España continúa siendo un país comprador en los mercados extranjeros, al margen de que logre vender algunas de sus series de más éxito. Si se repasa la programación de comienzos del nuevo siglo, se puede comprobar las numerosas “ideas” compradas al exterior, que convirtieron a Gestmusic, por citar la empresa más representativa, en la principal productora de programas para televisión en España.
lo largo de los años, la televisión pasa de ser un vehículo claramente dominado por el productor-emisor, en el que el telespectador es totalmente pasivo, a convertir al susodicho telespectador en protagonista indiscutible de la programación (de esto saben mucho los telepredicadores, que aunque disfrutaron de su mejor momento en los años ochenta, todavía continúan aprovechando su influencia entre sus feligreses para demostrar la eficacia de sus iniciativas sociales, religiosas y divinas). La televisión se hace más cotidiana rompiendo, en buena parte sus contenidos, la barrera establecida entre ficción y realidad, lo que obliga a hablar de nuevos enfoques en los contenidos y el nacimiento de nuevos géneros que emergen de su dimensión “espectacular” como medio.

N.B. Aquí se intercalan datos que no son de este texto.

(* Let $s\ge1$ and $d\ge1$ be integers. There exists a $(0,1)$-matrix $M'$ with ${\rm br}_s(M')=d$ and $r(M')\cdot c(M')=\binom{d}{\le s}2^d$.
   Context: For a $(0,1)$-matrix $M$ of size $n\times m$, $M[i,j]$ denotes its $(i,j)$ entry and $[n]=\{1,\dots,n\}$. The $s$-binary rank ${\rm br}_s(M)$ is the minimal integer $d\ge 0$ such that there exist $d$ sets (rectangles) $I_k\times J_k$ with $I_k\subseteq[n]$, $J_k\subseteq[m]$, $k\in[d]$, with $M[i,j]=1$ for all $(i,j)\in I_k\times J_k$ and all $k$, and such that every $(i,j)$ with $M[i,j]=1$ lies in at least one and at most $s$ of the rectangles. $r(M)$ and $c(M)$ denote the numbers of distinct rows and distinct columns of $M$. $\binom{d}{\le s}=\sum_{i=0}^{s}\binom{d}{i}$. *)

theory Defs
  imports Main
begin

text \<open>A (0,1)-matrix of size n x m is modelled as M :: nat => nat => bool
  with entries M i j for i in {1..n}, j in {1..m} (True = 1); entries outside
  the index range are ignored by all definitions below.\<close>

definition s_cover :: "nat \<Rightarrow> nat \<Rightarrow> nat \<Rightarrow> (nat \<Rightarrow> nat \<Rightarrow> bool) \<Rightarrow> nat
    \<Rightarrow> (nat \<Rightarrow> nat set) \<Rightarrow> (nat \<Rightarrow> nat set) \<Rightarrow> bool" where
  "s_cover s n m M d I J \<longleftrightarrow>
     (\<forall>k\<in>{1..d}. I k \<subseteq> {1..n} \<and> J k \<subseteq> {1..m} \<and> (\<forall>i\<in>I k. \<forall>j\<in>J k. M i j)) \<and>
     (\<forall>i\<in>{1..n}. \<forall>j\<in>{1..m}. M i j \<longrightarrow>
        1 \<le> card {k\<in>{1..d}. i \<in> I k \<and> j \<in> J k} \<and>
        card {k\<in>{1..d}. i \<in> I k \<and> j \<in> J k} \<le> s)"

definition binary_rank_s :: "nat \<Rightarrow> nat \<Rightarrow> nat \<Rightarrow> (nat \<Rightarrow> nat \<Rightarrow> bool) \<Rightarrow> nat" where
  "binary_rank_s s n m M = (LEAST d. \<exists>I J. s_cover s n m M d I J)"

definition distinct_rows :: "nat \<Rightarrow> nat \<Rightarrow> (nat \<Rightarrow> nat \<Rightarrow> bool) \<Rightarrow> nat" where
  "distinct_rows n m M = card ((\<lambda>i. (\<lambda>j. if j \<in> {1..m} then M i j else False)) ` {1..n})"

definition distinct_cols :: "nat \<Rightarrow> nat \<Rightarrow> (nat \<Rightarrow> nat \<Rightarrow> bool) \<Rightarrow> nat" where
  "distinct_cols n m M = card ((\<lambda>j. (\<lambda>i. if i \<in> {1..n} then M i j else False)) ` {1..m})"

definition choose_le :: "nat \<Rightarrow> nat \<Rightarrow> nat" where
  "choose_le d s = (\<Sum>i\<le>s. d choose i)"

end

theory Submission
  imports Defs
begin

text \<open>Index the rows by the subsets of \<open>{1..d}\<close> of size at most \<open>s\<close>, the columns by all
  subsets of \<open>{1..d}\<close>, and put a one where row and column set intersect. The rectangles
  \<open>{A. k \<in> A} \<times> {B. k \<in> B}\<close>, \<open>k \<in> {1..d}\<close>, cover the entry \<open>(A, B)\<close> exactly \<open>card (A \<inter> B) \<le> s\<close>
  times, so \<open>br\<^sub>s \<le> d\<close>. Conversely the entries \<open>({k}, {k})\<close> form a fooling set: no rectangle
  contains two of them, since \<open>{k} \<inter> {k'} = {}\<close> for \<open>k \<noteq> k'\<close>. The singletons also separate all
  rows and all columns, so \<open>r \<cdot> c\<close> is the number of row sets times \<open>2 ^ d\<close>.\<close>

definition intersection_matrix :: "(nat \<Rightarrow> 'a set) \<Rightarrow> (nat \<Rightarrow> 'a set) \<Rightarrow> nat \<Rightarrow> nat \<Rightarrow> bool" where
  "intersection_matrix f g i j \<longleftrightarrow> f i \<inter> g j \<noteq> {}"

lemma intersection_matrix_transpose:
  "(\<lambda>j i. intersection_matrix f g i j) = intersection_matrix g f"
  by (auto simp: intersection_matrix_def fun_eq_iff)

lemma card_subsets_card_le:
  assumes "finite A"
  shows "card {B. B \<subseteq> A \<and> card B \<le> s} = (\<Sum>i\<le>s. card A choose i)"
proof -
  have "{B. B \<subseteq> A \<and> card B \<le> s} = (\<Union>i\<le>s. {B. B \<subseteq> A \<and> card B = i})"
    by auto
  also have "card \<dots> = (\<Sum>i\<le>s. card {B. B \<subseteq> A \<and> card B = i})"
    using assms by (intro card_UN_disjoint) (auto intro: finite_subset[of _ "Pow A"])
  also have "\<dots> = (\<Sum>i\<le>s. card A choose i)"
    using n_subsets[OF assms] by simp
  finally show ?thesis .
qed

lemma distinct_cols_eq_distinct_rows_transpose:
  "distinct_cols n m M = distinct_rows m n (\<lambda>j i. M i j)"
  by (simp add: distinct_cols_def distinct_rows_def)

lemma distinct_rows_eq_if_separated:
  assumes "\<And>i i'. i \<in> {1..n} \<Longrightarrow> i' \<in> {1..n} \<Longrightarrow> i \<noteq> i' \<Longrightarrow> \<exists>j\<in>{1..m}. M i j \<noteq> M i' j"
  shows "distinct_rows n m M = n"
proof -
  have "inj_on (\<lambda>i j. if j \<in> {1..m} then M i j else False) {1..n}"
  proof (rule inj_onI, rule ccontr)
    fix i i' assume "i \<in> {1..n}" "i' \<in> {1..n}" "i \<noteq> i'"
      and rows_eq: "(\<lambda>j. if j \<in> {1..m} then M i j else False) = (\<lambda>j. if j \<in> {1..m} then M i' j else False)"
    then obtain j where "j \<in> {1..m}" "M i j \<noteq> M i' j" using assms by blast
    then show False using fun_cong[OF rows_eq, of j] by simp
  qed
  then show ?thesis by (simp add: distinct_rows_def card_image)
qed

lemma distinct_rows_intersection_matrix:
  assumes "inj_on f {1..n}" and "f ` {1..n} \<subseteq> Pow U" and "(\<lambda>k. {k}) ` U \<subseteq> g ` {1..m}"
  shows "distinct_rows n m (intersection_matrix f g) = n"
proof (rule distinct_rows_eq_if_separated)
  fix i i' assume "i \<in> {1..n}" "i' \<in> {1..n}" "i \<noteq> i'"
  then have "f i \<noteq> f i'" using assms(1) by (meson inj_onD)
  moreover have "f i \<subseteq> U" "f i' \<subseteq> U" using assms(2) \<open>i \<in> {1..n}\<close> \<open>i' \<in> {1..n}\<close> by blast+
  ultimately
  obtain k where "k \<in> U" "k \<in> f i \<longleftrightarrow> k \<notin> f i'" by blast
  moreover obtain j where "j \<in> {1..m}" "g j = {k}" using assms(3) \<open>k \<in> U\<close> by blast
  ultimately have "intersection_matrix f g i j \<noteq> intersection_matrix f g i' j"
    by (auto simp: intersection_matrix_def)
  with \<open>j \<in> {1..m}\<close>
  show "\<exists>j\<in>{1..m}. intersection_matrix f g i j \<noteq> intersection_matrix f g i' j" by blast
qed

lemma binary_rank_s_eqI:
  assumes "s_cover s n m M d I J" and "\<And>d' I' J'. s_cover s n m M d' I' J' \<Longrightarrow> d \<le> d'"
  shows "binary_rank_s s n m M = d"
  unfolding binary_rank_s_def by (rule Least_equality) (use assms in auto)

text \<open>Only one of the two cross entries of a fooling pair needs to vanish here: two pairs
  in a common rectangle force both cross entries to be ones.\<close>

lemma s_cover_card_fooling_set_le:
  assumes cover: "s_cover s n m M d I J"
    and diag: "\<And>k. k \<in> K \<Longrightarrow> a k \<in> {1..n} \<and> b k \<in> {1..m} \<and> M (a k) (b k)"
    and cross: "\<And>k k'. k \<in> K \<Longrightarrow> k' \<in> K \<Longrightarrow> M (a k) (b k') \<Longrightarrow> k = k'"
  shows "card K \<le> d"
proof -
  have "\<exists>r\<in>{1..d}. a k \<in> I r \<and> b k \<in> J r" if "k \<in> K" for k
  proof -
    have "1 \<le> card {r\<in>{1..d}. a k \<in> I r \<and> b k \<in> J r}"
      using cover diag[OF that] unfolding s_cover_def by blast
    then show ?thesis by (metis (no_types, lifting) card.empty empty_Collect_eq not_one_le_zero)
  qed
  then obtain r where r: "\<And>k. k \<in> K \<Longrightarrow> r k \<in> {1..d} \<and> a k \<in> I (r k) \<and> b k \<in> J (r k)"
    by metis
  have "inj_on r K"
  proof (rule inj_onI)
    fix k k' assume "k \<in> K" "k' \<in> K" "r k = r k'"
    then have "M (a k) (b k')" using cover r[of k] r[of k'] unfolding s_cover_def by auto
    then show "k = k'" using cross \<open>k \<in> K\<close> \<open>k' \<in> K\<close> by blast
  qed
  with r have "card K \<le> card {1..d}" by (intro card_inj_on_le) auto
  then show ?thesis by simp
qed

lemma s_cover_intersection_matrix:
  assumes "\<And>i. i \<in> {1..n} \<Longrightarrow> f i \<subseteq> {1..d} \<and> card (f i) \<le> s"
  shows "s_cover s n m (intersection_matrix f g) d
           (\<lambda>k. {i\<in>{1..n}. k \<in> f i}) (\<lambda>k. {j\<in>{1..m}. k \<in> g j})"
  unfolding s_cover_def
proof (intro conjI ballI impI)
  fix i j assume i: "i \<in> {1..n}" and "j \<in> {1..m}" and "intersection_matrix f g i j"
  then have "{k\<in>{1..d}. i \<in> {i\<in>{1..n}. k \<in> f i} \<and> j \<in> {j\<in>{1..m}. k \<in> g j}} = f i \<inter> g j"
    and "f i \<inter> g j \<noteq> {}"
    using assms[OF i] by (auto simp: intersection_matrix_def)
  moreover have "finite (f i)" using assms[OF i] finite_subset by blast
  ultimately show "1 \<le> card {k\<in>{1..d}. i \<in> {i\<in>{1..n}. k \<in> f i} \<and> j \<in> {j\<in>{1..m}. k \<in> g j}}"
    and "card {k\<in>{1..d}. i \<in> {i\<in>{1..n}. k \<in> f i} \<and> j \<in> {j\<in>{1..m}. k \<in> g j}} \<le> s"
    using assms[OF i] card_mono[of "f i" "f i \<inter> g j"] by (auto simp: Suc_le_eq)
qed (auto simp: intersection_matrix_def)

lemma s_cover_intersection_matrix_card_le:
  assumes "s_cover s n m (intersection_matrix f g) d I J"
    and "(\<lambda>k. {k}) ` U \<subseteq> f ` {1..n}" and "(\<lambda>k. {k}) ` U \<subseteq> g ` {1..m}"
  shows "card U \<le> d"
proof -
  have "\<forall>k\<in>U. \<exists>i\<in>{1..n}. f i = {k}" "\<forall>k\<in>U. \<exists>j\<in>{1..m}. g j = {k}"
    using assms(2,3) unfolding image_subset_iff by (metis imageE)+
  then obtain a b where a: "\<And>k. k \<in> U \<Longrightarrow> a k \<in> {1..n} \<and> f (a k) = {k}"
    and b: "\<And>k. k \<in> U \<Longrightarrow> b k \<in> {1..m} \<and> g (b k) = {k}"
    by (metis (no_types))
  show ?thesis
    by (rule s_cover_card_fooling_set_le[OF assms(1), of U a b])
      (use a b in \<open>auto simp: intersection_matrix_def\<close>)
qed

lemma binary_rank_s_intersection_matrix:
  assumes "\<And>i. i \<in> {1..n} \<Longrightarrow> f i \<subseteq> {1..d} \<and> card (f i) \<le> s"
    and "(\<lambda>k. {k}) ` {1..d} \<subseteq> f ` {1..n}" and "(\<lambda>k. {k}) ` {1..d} \<subseteq> g ` {1..m}"
  shows "binary_rank_s s n m (intersection_matrix f g) = d"
proof (rule binary_rank_s_eqI)
  show "s_cover s n m (intersection_matrix f g) d
          (\<lambda>k. {i\<in>{1..n}. k \<in> f i}) (\<lambda>k. {j\<in>{1..m}. k \<in> g j})"
    using assms(1) by (rule s_cover_intersection_matrix)
  fix d' I' J' assume "s_cover s n m (intersection_matrix f g) d' I' J'"
  from s_cover_intersection_matrix_card_le[OF this assms(2,3)] show "d \<le> d'" by simp
qed

theorem lemma5:
  fixes s d :: nat
  assumes "s \<ge> 1" and "d \<ge> 1"
  shows "\<exists>n m (M :: nat \<Rightarrow> nat \<Rightarrow> bool).
           binary_rank_s s n m M = d \<and>
           distinct_rows n m M * distinct_cols n m M = choose_le d s * 2 ^ d"
proof -
  define Rows where "Rows = {A. A \<subseteq> {1..d} \<and> card A \<le> s}"
  define Cols where "Cols = Pow {1..d}"
  have "finite Rows" unfolding Rows_def by (rule finite_subset[of _ "Pow {1..d}"]) auto
  then obtain f where f: "bij_betw f {1..card Rows} Rows" using ex_bij_betw_nat_finite_1 by blast
  obtain g where g: "bij_betw g {1..card Cols} Cols"
    using ex_bij_betw_nat_finite_1[of Cols] by (auto simp: Cols_def)
  define M where "M = intersection_matrix f g"
  have singletons: "(\<lambda>k. {k}) ` {1..d} \<subseteq> Rows" "(\<lambda>k. {k}) ` {1..d} \<subseteq> Cols"
    using assms(1) by (auto simp: Rows_def Cols_def)
  have "binary_rank_s s (card Rows) (card Cols) M = d"
    unfolding M_def using f g singletons
    by (intro binary_rank_s_intersection_matrix) (auto simp: bij_betw_def Rows_def)
  moreover have "distinct_rows (card Rows) (card Cols) M = card Rows"
    unfolding M_def using f g singletons
    by (intro distinct_rows_intersection_matrix) (auto simp: bij_betw_def Rows_def)
  moreover have "distinct_cols (card Rows) (card Cols) M = card Cols"
    unfolding M_def distinct_cols_eq_distinct_rows_transpose intersection_matrix_transpose
    using f g singletons
    by (intro distinct_rows_intersection_matrix) (auto simp: bij_betw_def Cols_def Rows_def)
  moreover have "card Rows = choose_le d s" "card Cols = 2 ^ d"
    by (simp_all add: Rows_def Cols_def card_subsets_card_le choose_le_def card_Pow)
  ultimately show ?thesis by metis
qed

end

Como ha señalado Emilio Lledó, “los modernos medios técnicos, concretamente la televisión, han transformado la estructura de la ‘apariencia’, la ontología del ‘fenómeno’, al permitirnos ver sin estar. Por supuesto, la cinematografía y las artes visuales habían ya hecho presente una forma de realidad que no está ‘realmente’. Pero la televisión permite traer a la presencia hechos simultáneos a nuestra mirada y que, sin embargo, están en otro lugar que aquél cuya imagen perciben los ojos. Y no sólo vemos el reflejo de lo que, de hecho, pasa, sino también las ficciones que representan sucesos que no ocurren, fantasmas de lo real, acontecimientos irreales, que ni siquiera están en el lugar en el que las imágenes los señalan. Aunque la tradición nos ha entregado referencias a ‘visiones’ de cosas o hechos que no han ‘existido’, ha sido en nuestro tiempo donde se ha convertido en un sustancioso negocio la fabricación y promoción de ‘fantasmas’. Los ojos humanos nunca vieron sino lo que se hacía presente en su estar; lo que podía ser percibido por el cuerpo y sus sentidos; pero los medios de comunicación televisiva han presentado a los ojos humanos formas y acontecimientos que ni han sucedido ni pueden suceder: un alimento continuo e incesante de irrealidad visual a la que no estábamos acostumbrados. Y esta presentación es de tal fuerza que empieza a difuminar los límites que separan lo real de lo irreal, lo verdadero de lo falso, lo posible de lo imposible” (Lledó, E.:“La voz de las imágenes”, en AA.VV.: Televisión y cultura. Valencia. Ente Público RTVV. 1995, pág. 29).
No nos debe extrañar, pues, que la realidad se haga espectáculo y nos “entretenga” como si de cualquier imagen de ficción se tratara.